I think my parents mostly did a good job, compared to my friends parents. I can think of some things that I would do differently, take the more gentle parenting approach, not that my parents were mean or abusive their techniques just clearly didn't work, like making my sister sit in the hallway because she wouldn't eat her dinner didn't do anything but make us have to listen to her screaming while eating... And has led to her now having an unhealthy relationship with food same as forcing me to finish everything on my plate even though I really didn't like it, made me have unhealthy habits with food. So yeah there's aspects that I would do differently.

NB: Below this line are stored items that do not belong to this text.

(* Let $\{Y_k\}$ be a mean-zero sequence with $n^{-1/2}\sum_{1\le j\le nt}Y_j\xrightarrow{d}\sigma W(t)$ in $D[0,1]$ for some $\sigma>0$ ($W$ a standard Wiener process). For each $n$ let $X_i=\mu+Y_i$ for $1\le i\le k^*$ and $X_i=\mu+\Delta+Y_i$ for $k^*<i\le n$, where $k^*=[n\theta]$ with $0<\theta<1$ and $\Delta=\Delta(n)$, and suppose $|\hat k/n-\theta|=o_P(1)$. Then the random vectors $$\Big(\hat k^{-1/2}\max_{1\le k\le\hat k}\Big|\sum_{1\le i\le k}Y_i-\frac k{\hat k}\sum_{1\le i\le\hat k}Y_i\Big|,\ (n-\hat k)^{-1/2}\max_{\hat k<k\le n}\Big|\sum_{\hat k<i\le k}Y_i-\frac{k-\hat k}{n-\hat k}\sum_{\hat k<i\le n}Y_i\Big|\Big)$$ converge in distribution to $\big(\sigma\sup_{0\le t\le1}|B^{(1)}(t)|,\ \sigma\sup_{0\le t\le1}|B^{(2)}(t)|\big)$, where $B^{(1)},B^{(2)}$ are independent Brownian bridges.
   Context: $\hat k=\min\{k:\max_{1\le i\le n}|\sum_{j\le i}X_j-\frac in\sum_{j\le n}X_j|=|\sum_{j\le k}X_j-\frac kn\sum_{j\le n}X_j|\}$. *)

theory Defs
  imports "HOL-Probability.Probability"
begin

text \<open>Paths are functions real => real; only their values on [0,1] matter.\<close>

definition cadlag01 :: "(real \<Rightarrow> real) set" where
  "cadlag01 = {x. (\<forall>t\<in>{0..<1}. (x \<longlongrightarrow> x t) (at_right t)) \<and>
                  (\<forall>t\<in>{0<..1}. \<exists>l. (x \<longlongrightarrow> l) (at_left t))}"

definition time_changes01 :: "(real \<Rightarrow> real) set" where
  "time_changes01 = {l. strict_mono_on {0..1} l \<and> continuous_on {0..1} l \<and>
                        l ` {0..1} = {0..1}}"

definition skorokhod_dist :: "(real \<Rightarrow> real) \<Rightarrow> (real \<Rightarrow> real) \<Rightarrow> real" where
  "skorokhod_dist x y = Inf {e. e \<ge> 0 \<and> (\<exists>l\<in>time_changes01.
        (\<forall>t\<in>{0..1}. \<bar>l t - t\<bar> \<le> e) \<and> (\<forall>t\<in>{0..1}. \<bar>x t - y (l t)\<bar> \<le> e))}"

definition bounded_continuous_wrt ::
  "('m \<Rightarrow> 'm \<Rightarrow> real) \<Rightarrow> 'm set \<Rightarrow> ('m \<Rightarrow> real) \<Rightarrow> bool" where
  "bounded_continuous_wrt d S f \<longleftrightarrow>
     (\<exists>B. \<forall>x\<in>S. \<bar>f x\<bar> \<le> B) \<and>
     (\<forall>x\<in>S. \<forall>e>0. \<exists>\<delta>>0. \<forall>y\<in>S. d x y < \<delta> \<longrightarrow> \<bar>f x - f y\<bar> < e)"

text \<open>Convergence in distribution of random elements of the metric space (S,d):
  E f(X_n) -> E f(X) for every bounded d-continuous f (for which the compositions are
  random variables -- automatic for Borel random elements of D[0,1]).\<close>
definition conv_distr_wrt ::
  "('m \<Rightarrow> 'm \<Rightarrow> real) \<Rightarrow> 'm set \<Rightarrow> 'a measure \<Rightarrow> (nat \<Rightarrow> 'a \<Rightarrow> 'm) \<Rightarrow>
   'b measure \<Rightarrow> ('b \<Rightarrow> 'm) \<Rightarrow> bool" where
  "conv_distr_wrt d S M Xs N X \<longleftrightarrow>
     (\<forall>f. bounded_continuous_wrt d S f \<longrightarrow>
          (\<forall>n. (\<lambda>\<omega>. f (Xs n \<omega>)) \<in> borel_measurable M) \<longrightarrow>
          (\<lambda>\<omega>. f (X \<omega>)) \<in> borel_measurable N \<longrightarrow>
          (\<lambda>n. \<integral>\<omega>. f (Xs n \<omega>) \<partial>M) \<longlonglongrightarrow> (\<integral>\<omega>. f (X \<omega>) \<partial>N))"

definition conv_distr_R2 ::
  "'a measure \<Rightarrow> (nat \<Rightarrow> 'a \<Rightarrow> real \<times> real) \<Rightarrow> 'b measure \<Rightarrow> ('b \<Rightarrow> real \<times> real) \<Rightarrow> bool" where
  "conv_distr_R2 M Zs N Z \<longleftrightarrow>
     (\<forall>f :: real \<times> real \<Rightarrow> real. continuous_on UNIV f \<longrightarrow> bounded (range f) \<longrightarrow>
          (\<lambda>n. \<integral>\<omega>. f (Zs n \<omega>) \<partial>M) \<longlonglongrightarrow> (\<integral>\<omega>. f (Z \<omega>) \<partial>N))"

definition wiener_process :: "'b measure \<Rightarrow> (real \<Rightarrow> 'b \<Rightarrow> real) \<Rightarrow> bool" where
  "wiener_process N W \<longleftrightarrow> prob_space N \<and>
     (\<forall>t\<in>{0..1}. W t \<in> borel_measurable N) \<and>
     (\<forall>\<omega>\<in>space N. W 0 \<omega> = 0 \<and> continuous_on {0..1} (\<lambda>t. W t \<omega>)) \<and>
     (\<forall>s t. 0 \<le> s \<longrightarrow> s < t \<longrightarrow> t \<le> 1 \<longrightarrow>
        distributed N lborel (\<lambda>\<omega>. W t \<omega> - W s \<omega>)
          (\<lambda>x. ennreal (normal_density 0 (sqrt (t - s)) x))) \<and>
     (\<forall>(ts :: nat \<Rightarrow> real) m. 0 \<le> ts 0 \<longrightarrow> ts m \<le> 1 \<longrightarrow> (\<forall>i<m. ts i \<le> ts (Suc i)) \<longrightarrow>
        prob_space.indep_vars N (\<lambda>_. borel) (\<lambda>i \<omega>. W (ts (Suc i)) \<omega> - W (ts i) \<omega>) {..<m})"

definition bbridge :: "(real \<Rightarrow> 'b \<Rightarrow> real) \<Rightarrow> real \<Rightarrow> 'b \<Rightarrow> real" where
  "bbridge W t \<omega> = W t \<omega> - t * W 1 \<omega>"

definition cusum :: "nat \<Rightarrow> (nat \<Rightarrow> real) \<Rightarrow> nat \<Rightarrow> real" where
  "cusum n x k = \<bar>(\<Sum>j=1..k. x j) - real k / real n * (\<Sum>j=1..n. x j)\<bar>"

definition khat :: "nat \<Rightarrow> (nat \<Rightarrow> real) \<Rightarrow> nat" where
  "khat n x = (LEAST k. 1 \<le> k \<and> k \<le> n \<and>
                 cusum n x k = Max ((cusum n x) ` {1..n}))"

end

(* Both statistics are, up to an error that vanishes in probability, continuous functionals of the
   partial-sum process evaluated at the split point khat/n, which tends to theta.  Each is squeezed
   between functionals of the form  x |-> sup over pairs of times u, v of Phi(u, v, x u, x v, x 1)
   with Phi continuous; these are continuous for the Skorokhod J1 metric, so the functional limit
   theorem applies to them, and the squeezing error is governed by the oscillation of the path near
   theta, which vanishes for the continuous Brownian limit.  The limit is the pair of normalized
   bridge suprema of sigma W on [0, theta] and on [theta, 1]; the increments of W over the two
   intervals are independent with the scaling of a standard Wiener process on [0, 1], so grid
   approximations of this pair have the same law as those for two independent Brownian bridges. *)

theory Submission
  imports Defs
begin

section \<open>Sup functionals on D[0,1]\<close>

lemma cadlag01_locally_bounded:
  assumes x: "x \<in> cadlag01" and t: "t \<in> {0..1}"
  shows "\<exists>r>0. \<exists>B. \<forall>s\<in>{0..1}. dist t s < r \<longrightarrow> \<bar>x s\<bar> \<le> B"
proof -
  have "\<exists>r>0. \<forall>s. t < s \<and> s < t + r \<and> s \<le> 1 \<longrightarrow> \<bar>x s\<bar> \<le> \<bar>x t\<bar> + 1"
  proof (cases "t < 1")
    case True
    then have "(x \<longlongrightarrow> x t) (at_right t)" using x t unfolding cadlag01_def by auto
    then have "eventually (\<lambda>s. dist (x s) (x t) < 1) (at_right t)" by (rule tendstoD) simp
    then obtain b where "b > t" "\<And>s. s > t \<Longrightarrow> s < b \<Longrightarrow> dist (x s) (x t) < 1"
      unfolding eventually_at_right_field by blast
    then show ?thesis by (intro exI[of _ "b - t"]) (force simp: dist_real_def)
  qed (intro exI[of _ 1], auto)
  then obtain r1 where r1: "r1 > 0" "\<forall>s. t < s \<and> s < t + r1 \<and> s \<le> 1 \<longrightarrow> \<bar>x s\<bar> \<le> \<bar>x t\<bar> + 1"
    by blast
  have "\<exists>r>0. \<exists>B. \<forall>s. t - r < s \<and> s < t \<and> 0 \<le> s \<longrightarrow> \<bar>x s\<bar> \<le> B"
  proof (cases "t > 0")
    case True
    have "\<exists>l. (x \<longlongrightarrow> l) (at_left t)" using x t True unfolding cadlag01_def by auto
    then obtain l where "(x \<longlongrightarrow> l) (at_left t)" by blast
    then have "eventually (\<lambda>s. dist (x s) l < 1) (at_left t)" by (rule tendstoD) simp
    then obtain b where b: "b < t" "\<And>s. s > b \<Longrightarrow> s < t \<Longrightarrow> dist (x s) l < 1"
      unfolding eventually_at_left_field by blast
    then have "\<forall>s. t - (t - b) < s \<and> s < t \<and> 0 \<le> s \<longrightarrow> \<bar>x s\<bar> \<le> \<bar>l\<bar> + 1"
      by (force simp: dist_real_def)
    then show ?thesis using b(1) by (intro exI[of _ "t - b"]) auto
  qed (use t in \<open>intro exI[of _ 1], auto\<close>)
  then obtain r2 B2 where r2: "r2 > 0" "\<forall>s. t - r2 < s \<and> s < t \<and> 0 \<le> s \<longrightarrow> \<bar>x s\<bar> \<le> B2"
    by blast
  show ?thesis
  proof (rule exI[of _ "min r1 r2"], intro conjI exI[of _ "max (\<bar>x t\<bar> + 1) B2"] ballI impI)
    fix s assume s: "s \<in> {0..1}" "dist t s < min r1 r2"
    show "\<bar>x s\<bar> \<le> max (\<bar>x t\<bar> + 1) B2"
      using r1(2)[rule_format, of s] r2(2)[rule_format, of s] s
      by (cases s t rule: linorder_cases) (auto simp: dist_real_def)
  qed (use r1 r2 in simp)
qed

lemma cadlag01_bounded:
  assumes x: "x \<in> cadlag01"
  shows "\<exists>B. \<forall>t\<in>{0..1}. \<bar>x t\<bar> \<le> B"
proof -
  obtain r B where rB: "\<And>t. t \<in> {0..1} \<Longrightarrow> r t > 0 \<and> (\<forall>s\<in>{0..1}. dist t s < r t \<longrightarrow> \<bar>x s\<bar> \<le> B t)"
    using cadlag01_locally_bounded[OF x] by metis
  obtain D where D: "D \<subseteq> {0..1}" "finite D" "{0..1} \<subseteq> \<Union> ((\<lambda>t. ball t (r t)) ` D)"
    by (rule compactE_image[where C="{0..1}" and f="\<lambda>t. ball t (r t)"]) (use rB in auto)
  show ?thesis
  proof (intro exI[of _ "\<Sum>t\<in>D. \<bar>B t\<bar>"] ballI)
    fix s :: real assume s: "s \<in> {0..1}"
    then obtain t where t: "t \<in> D" "dist t s < r t" using D(3) by auto
    then have "\<bar>x s\<bar> \<le> \<bar>B t\<bar>" using rB[of t] D(1) s by force
    also have "\<dots> \<le> (\<Sum>t\<in>D. \<bar>B t\<bar>)" using t D(2) by (intro member_le_sum) auto
    finally show "\<bar>x s\<bar> \<le> (\<Sum>t\<in>D. \<bar>B t\<bar>)" .
  qed
qed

For the most part my parents weren't there for me so I basically raised myself
When my mom was around as in actually attempting to be somewhat involved with me and or my life she was an absolute b**** about it
During my teenage years my mother and father were separated and while my father was trying to raise me my mother was letting my sister try to raise me which my sister hated me so you know that was very smart
All in all I think almost nothing about how I was raised actually went well so I changed just about everything about my childhood
Still kind of being raised you could say
My dad had a job, an independent one, so he could not take time off work and worked 7 days a week. Paid well and to get out of it he has taken a huge pay cut.
But while he had it he worked a lot and couldn’t do stuff on weekends or go on trips. I would change that, have him be able to be around. He also drinks until he is drunk just about every night, I think he longs for the past.
Still a great dad but really if I had the ability I’d give him hangovers so he can’t drink so much haha (he doesn’t get hangovers no matter what).
Try saying that to him. Like not in a way that seems like an attack but just say it.
I'm a dad with a substance issue that I've had for nearly 15 years. Doesn't impact my parenting or whatever right now but if one of my sons said something to me about it... I'd stop and reevaluate a bit more seriously.
I would. I grew up with an extremely strict father. Could never do what my friends used to do as teenagers. I used to have so many questions in my mind that eventually had to find out by myself. My father had this belief that if you don’t talk about it they will never know which is actually very wrong because the more he would say No the more I would want to do it and that’s how I initiated my sex life at 15 looking back I was so young and I don’t want my kids to experience the same. I don’t want my kids to look at me as if I am the authority. This also caused a huge distance between me and my father I don’t trust him and never ask his opinion on anything.
I think the only thing I would change is removing the religion from the home.
Forced my siblings and I to find things out the hard way when it came to taboo subjects like other religions, drugs, anything sexual, etc. There was no conversation about it. My mom's followed the Bible strictly and my dad more lax. That eventually led to their divorce and my dad turning into a new age hippie kinda guy and my mom get even more involved with the church than she had before.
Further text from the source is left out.